Categories > Original > Humor > Duck Lake

Duck Lake

by avery_averette 0 reviews

When Prince meets Duck, will there be a fairy-tale happy ending? Warning: Boys' love

Category: Humor - Rating: PG - Genres: Humor,Parody,Romance - Warnings: [?] - Published: 2009-12-23 - Updated: 2009-12-23 - 657 words - Complete

0Unrated
Duck Lake

Prince Takki is in the mood for a kill. Incredibly vexed by the upcoming coming-of-age debut ball in his honour, he decided to let off some steam. His stress relief of choice is hunt-and-kill, kill ducks that is. Being one of the finest sharpshooters of the kingdom, he is certain of being force-fed leftover duck by Royal Chef Jin for the whole of next week. Cold duck sandwich being the method of torture. Despite not being endowed with rave-worthy culinary prowess, Royal Chef Jin has put his other endowment to good use. It is a huge success and has ensured his succession to the much coveted position. Aided by popular demand, he continues to secure his head chef post with regular sexual favours.

It is a cold and cloudy morning, overcast like his heart. Prince Takki knows that at the ball he is to fulfill his royal pain-in-the-ass duty and choose his future bride from the many girls invited from all over the kingdom. As places are limited, a ballot system has been set up for the girls from non-aristocratic families. Although throngs of drop-dead gorgeous babes from the neighboring kingdoms had also expressed ardent interest, they were rejected. King Kitagawa has strict policies. Strict policies or not, it's all too much to handle for young Prince Takki, who's still finding himself and his sexual orientation.

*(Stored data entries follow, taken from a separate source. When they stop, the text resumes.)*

text \<open>Laplace expansion of \<open>det [x | W]\<close> along its first column; it is linear in x,
  which is what makes the Pluecker relation a simple exchange of sums.\<close>

definition det_with_col :: "(nat \<Rightarrow> nat \<Rightarrow> 'a::comm_ring_1) \<Rightarrow> nat \<Rightarrow> (nat \<Rightarrow> 'a) \<Rightarrow> 'a" where
  "det_with_col W \<beta> x =
     (\<Sum>i<\<beta>. (-1)^i * x i * det (mat (\<beta>-1) (\<beta>-1) (\<lambda>(i',t). W (insert_index i i') t)))"

lemma det_ins_col:
  fixes W :: "nat \<Rightarrow> nat \<Rightarrow> 'a::comm_ring_1"
  assumes p: "p < \<beta>"
  shows "det (ins_col \<beta> W p x) = (-1)^p * det_with_col W \<beta> x"
proof -
  let ?A = "ins_col \<beta> W p x"
  let ?minor = "\<lambda>i. det (mat (\<beta>-1) (\<beta>-1) (\<lambda>(i',t). W (insert_index i i') t))"
  have A: "?A \<in> carrier_mat \<beta> \<beta>" by (simp add: ins_col_def)
  have "det ?A = (\<Sum>i<\<beta>. ?A $$ (i,p) * cofactor ?A i p)"
    by (rule laplace_expansion_column[OF A p])
  also have "\<dots> = (\<Sum>i<\<beta>. (-1)^p * ((-1)^i * x i * ?minor i))"
  proof (rule sum.cong[OF refl])
    fix i assume i: "i \<in> {..<\<beta>}"
    have "mat_delete ?A i p = mat (\<beta>-1) (\<beta>-1) (\<lambda>(i',t). W (insert_index i i') t)"
      by (rule eq_matI) (auto simp: mat_delete_def ins_col_def insert_index_def)
    then show "?A $$ (i,p) * cofactor ?A i p = (-1)^p * ((-1)^i * x i * ?minor i)"
      unfolding cofactor_def using i p by (simp add: ins_col_def power_add)
  qed
  also have "\<dots> = (-1)^p * det_with_col W \<beta> x"
    unfolding det_with_col_def by (simp add: sum_distrib_left)
  finally show ?thesis .
qed

lemma det_with_col_as_det:
  "p < \<beta> \<Longrightarrow> det_with_col W \<beta> x = (-1)^p * det (ins_col \<beta> W p x)"
  by (simp add: det_ins_col)

lemma det_with_col_repeated:
  fixes W :: "nat \<Rightarrow> nat \<Rightarrow> 'a::comm_ring_1"
  assumes t: "t < \<beta> - 1" and x: "\<And>i. i < \<beta> \<Longrightarrow> x i = W i t"
  shows "det_with_col W \<beta> x = 0"
proof -
  have "det (ins_col \<beta> W 0 x) = 0"
  proof (rule det_identical_columns[of _ \<beta> 0 "Suc t"])
    show "col (ins_col \<beta> W 0 x) 0 = col (ins_col \<beta> W 0 x) (Suc t)"
      using t x by (auto simp: ins_col_def intro!: eq_vecI)
  qed (use t in \<open>auto simp: ins_col_def\<close>)
  then show ?thesis using det_ins_col[of 0 \<beta> W x] t by simp
qed

lemma det_unit_first_col:
  fixes A :: "'a::comm_ring_1 mat"
  assumes A: "A \<in> carrier_mat (Suc b) (Suc b)"
    and e0: "\<And>i. i < Suc b \<Longrightarrow> A $$ (i,0) = (if i = 0 then 1 else 0)"
  shows "det A = det (mat b b (\<lambda>(i,t). A $$ (Suc i, Suc t)))"
proof -
  have "det A = (\<Sum>i<Suc b. A $$ (i,0) * cofactor A i 0)"
    by (rule laplace_expansion_column[OF A]) simp
  also have "\<dots> = (\<Sum>i<Suc b. if i = 0 then cofactor A i 0 else 0)"
    by (rule sum.cong) (auto simp: e0)
  also have "\<dots> = cofactor A 0 0" by simp
  also have "\<dots> = det (mat b b (\<lambda>(i,t). A $$ (Suc i, Suc t)))"
    unfolding cofactor_def using A by (auto simp: mat_delete_def intro!: arg_cong[where f=det] eq_matI)
  finally show ?thesis .
qed

lemma col_minor_unit_col0:
  fixes X :: "nat \<Rightarrow> nat \<Rightarrow> 'a::comm_ring_1"
  assumes j: "1 \<le> j" and e0: "\<And>i. X i 0 = (if i = 0 then 1 else 0)"
  shows "col_minor X (Suc b) j = det (mat b b (\<lambda>(i,t). X (Suc i) (insert_index j (Suc t))))"
  unfolding col_minor_def
  by (subst det_unit_first_col) (use j e0 in \<open>auto simp: insert_index_def intro!: arg_cong[where f=det] eq_matI\<close>)

lemma det_ins_col_unit:
  fixes W :: "nat \<Rightarrow> nat \<Rightarrow> 'a::comm_ring_1"
  shows "det (ins_col (Suc b) W 0 (\<lambda>i. if i = 0 then 1 else 0)) = det (mat b b (\<lambda>(i,t). W (Suc i) t))"
  by (subst det_unit_first_col) (auto simp: ins_col_def intro!: arg_cong[where f=det] eq_matI)


text \<open>Expanding the \<open>(\<beta>+1) \<times> (\<beta>+1)\<close> matrix whose first row repeats row \<open>i0\<close> of X along
  that row: the alternating sum of \<open>X i0 j\<close> against the column minors is zero.\<close>

lemma laplace_repeated_row:
  fixes X :: "nat \<Rightarrow> nat \<Rightarrow> 'a::comm_ring_1"
  assumes i0: "i0 < \<beta>"
  shows "(\<Sum>j\<le>\<beta>. (-1)^j * X i0 j * col_minor X \<beta> j) = 0"
proof -
  define N where "N = mat (Suc \<beta>) (Suc \<beta>) (\<lambda>(i,j). if i = 0 then X i0 j else X (i-1) j)"
  have N: "N \<in> carrier_mat (Suc \<beta>) (Suc \<beta>)" by (simp add: N_def)
  have "det N = 0"
    by (rule det_identical_rows[OF N, of 0 "Suc i0"]) (use i0 in \<open>auto simp: N_def intro!: eq_vecI\<close>)
  moreover have "det N = (\<Sum>j<Suc \<beta>. N $$ (0,j) * cofactor N 0 j)"
    by (rule laplace_expansion_row[OF N]) simp
  moreover have "\<dots> = (\<Sum>j\<le>\<beta>. (-1)^j * X i0 j * col_minor X \<beta> j)"
    unfolding lessThan_Suc_atMost[symmetric]
  proof (rule sum.cong[OF refl])
    fix j assume j: "j \<in> {..<Suc \<beta>}"
    have "mat_delete N 0 j = mat \<beta> \<beta> (\<lambda>(i,t). X i (insert_index j t))"
      by (rule eq_matI) (auto simp: mat_delete_def N_def insert_index_def)
    then show "N $$ (0,j) * cofactor N 0 j = (-1)^j * X i0 j * col_minor X \<beta> j"
      unfolding cofactor_def col_minor_def using j by (simp add: N_def)
  qed
  ultimately show ?thesis by simp
qed

text \<open>Grassmann--Pluecker relation: combine the previous identity over the rows of W.\<close>

lemma plucker_relation:
  fixes X :: "nat \<Rightarrow> nat \<Rightarrow> 'a::comm_ring_1"
  assumes g: "\<And>i. i < \<gamma> \<Longrightarrow> g i < \<beta>"
  shows "(\<Sum>j\<le>\<beta>. (-1)^j * col_minor X \<beta> j * det_with_col W \<gamma> (\<lambda>i. X (g i) j)) = 0"
proof -
  define E where "E i = det (mat (\<gamma>-1) (\<gamma>-1) (\<lambda>(i',t). W (insert_index i i') t))" for i
  have "(\<Sum>j\<le>\<beta>. (-1)^j * col_minor X \<beta> j * det_with_col W \<gamma> (\<lambda>i. X (g i) j))
      = (\<Sum>j\<le>\<beta>. \<Sum>i<\<gamma>. (-1)^i * E i * ((-1)^j * X (g i) j * col_minor X \<beta> j))"
    unfolding det_with_col_def E_def[symmetric] by (simp add: sum_distrib_left algebra_simps)
  also have "\<dots> = (\<Sum>i<\<gamma>. (-1)^i * E i * (\<Sum>j\<le>\<beta>. (-1)^j * X (g i) j * col_minor X \<beta> j))"
    by (subst sum.swap) (simp add: sum_distrib_left)
  also have "\<dots> = 0"
    using laplace_repeated_row[OF g, of _ X] by simp
  finally show ?thesis .
qed
(* Let $E$ be a real affine space of dimension $n$ with a system of coordinates $\mathcal L=(\ell_1,\dots,\ell_n)$, and let $\mathcal P,\mathcal Q$ be Yao-Yao partitions of $E$ adapted to $\mathcal L$, with centers $x$ and $y$ respectively. Suppose that for some $k<n$: $\mathcal P(\epsilon_1,\dots,\epsilon_k)=\mathcal Q(\epsilon_1,\dots,\epsilon_k)$ for all $(\epsilon_1,\dots,\epsilon_k)\in\{-1,1\}^k$, and there exists $(\epsilon'_1,\dots,\epsilon'_{k+1})\in\{-1,1\}^{k+1}$ with $\mathcal P(\epsilon'_1,\dots,\epsilon'_{k+1})\neq\mathcal Q(\epsilon'_1,\dots,\epsilon'_{k+1})$. If $x_{k+1}\ge y_{k+1}$, then there exist $\delta_1,\dots,\delta_k\in\{-1,1\}$ such that $\mathcal P(\delta_1,\dots,\delta_k,1)$ is strictly included in $\mathcal Q(\delta_1,\dots,\delta_k,1)$.
   Context: $\vec E$ is the vector space of $E$. A partition of $E$ is a collection of subsets covering $E$ whose distinct members have disjoint interiors. Yao-Yao partitions and their centers are defined by induction on dimension: if $E=\{x\}$, the Yao-Yao partition is $\{\{x\}\}$, with center $x$; if $\dim E=n\ge1$, $\mathcal P$ is a Yao-Yao partition of $E$ with center $x$ if there exist an affine hyperplane $F$, a vector $v\in\vec E\setminus\vec F$ (the axis) and two Yao-Yao partitions $\mathcal P_1,\mathcal P_{-1}$ of $F$ with the same center $x$ such that $\mathcal P=\{A+\mathbb R_-v: A\in\mathcal P_{-1}\}\cup\{A+\mathbb R_+v: A\in\mathcal P_1\}$. A system of coordinates is a family $(\ell_1,\dots,\ell_n)$ of affine forms such that $x\mapsto(\ell_i(x))_i$ is a bijection $E\to\mathbb R^n$; write $x_i=\ell_i(x)$, $v_i=\vec\ell_i(v)$. A Yao-Yao partition given by $F,v,x,\mathcal P_1,\mathcal P_{-1}$ is adapted to $(\ell_1,\dots,\ell_n)$ if $F=\{z: z_1=x_1\}$ and $\mathcal P_1,\mathcal P_{-1}$ are adapted to the system $(\ell_2|_F,\dots,\ell_n|_F)$ of $F$ (in dimension $0$ every Yao-Yao partition is adapted). For an adapted partition one may take the axis normalized, $v_1=1$ (replacing $v$ by $v/v_1$, and exchanging $\mathcal P_1,\mathcal P_{-1}$ if $v_1<0$). With such a normalized presentation, define $\mathcal P(\emptyset)=E$ and, for $(\epsilon_1,\dots,\epsilon_k)\in\{-1,1\}^k$, $1\le k\le n$, recursively $\mathcal P(\epsilon_1,\dots,\epsilon_k)=\mathcal P_{\epsilon_1}(\epsilon_2,\dots,\epsilon_k)+\mathbb R_+(\epsilon_1 v)$, where $\mathcal P_{\epsilon_1}(\cdot)$ is the analogous object for the partition $\mathcal P_{\epsilon_1}$ of $F$ (with $\mathcal P_{\epsilon_1}(\emptyset)=F$). Then $\mathcal P=\{\mathcal P(\epsilon):\epsilon\in\{-1,1\}^n\}$. *)

theory Defs
  imports "HOL-Analysis.Analysis"
begin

Determined to be distracted, Prince Takki wads out into the marshes with his trusty rifle and sparkly neon pink Wellington boots. He is a man on a mission.

Proving that his eyes are more than mere pretty ornaments, he quickly spots a black duck. With lightning efficiency, he shoots and he scores. Then like a starving man waking to a breakfast of nattou (fermented soybean) on rice, Prince Takki rushes in anticipation to the crime scene to claim his prize. But a very different prize awaits him.

'I'm sorry to disturb your swim. But did you see a duck fall from the sky?'

'No,' the slightly bleeding, naked young man curtly replies.

'You're bleeding,' Prince Takki points out.

'Why, very kind of you to inform me. Otherwise, I would hardly have noticed that my right arm is gushing blood and turning the water red.'

Prince Takki doesn't like the sarcasm but he likes the wet and hard body enough to tolerate impudence to royalty. Taking off his top on the pretence of stopping the bleeding, he once again lets his tried-and-true topless diplomacy do the work.

Watching the prince tenderly bandage his wound with the sleeves he ripped off from his Valentino shirt, Tsubasa is moved. Human kindness is alien to him, much less one from a hot, dripping wet body, capable of launching a thousand orgasms.

'He has nice eyes,' Tsubasa muses, losing himself a little. 'Could this be the man to break the evil spell?’ It's not hard to figure that it was Tsubasa’s acid tongue that got him into trouble with a spell-trigger-happy wizard. Insulted, the wizard turned him into an ugly duckling, which can only return to its true human form at night or when injured or when touched by love's true French kiss.

'Erm... do you like ducks?' Tsubasa asks softly and shyly.

'Why, yes, very much!'

'Me too!’ Tsubasa exclaims and in his excitement almost quacks. ‘We have so much in common,' he continues, arms flapping away. He has been a duck so long that he has even managed to find himself a loving foster duck family that accepts and dotes on him despite his condition.

'I like them stewed, braised, and roasted. But Beijing Roast Duck has got to be my favourite. What's yours?'

Before Prince Takki can indulge in a spirited exchange of ways to cook a duck, he blacks out, smacked on the back of his head with his trusty rifle.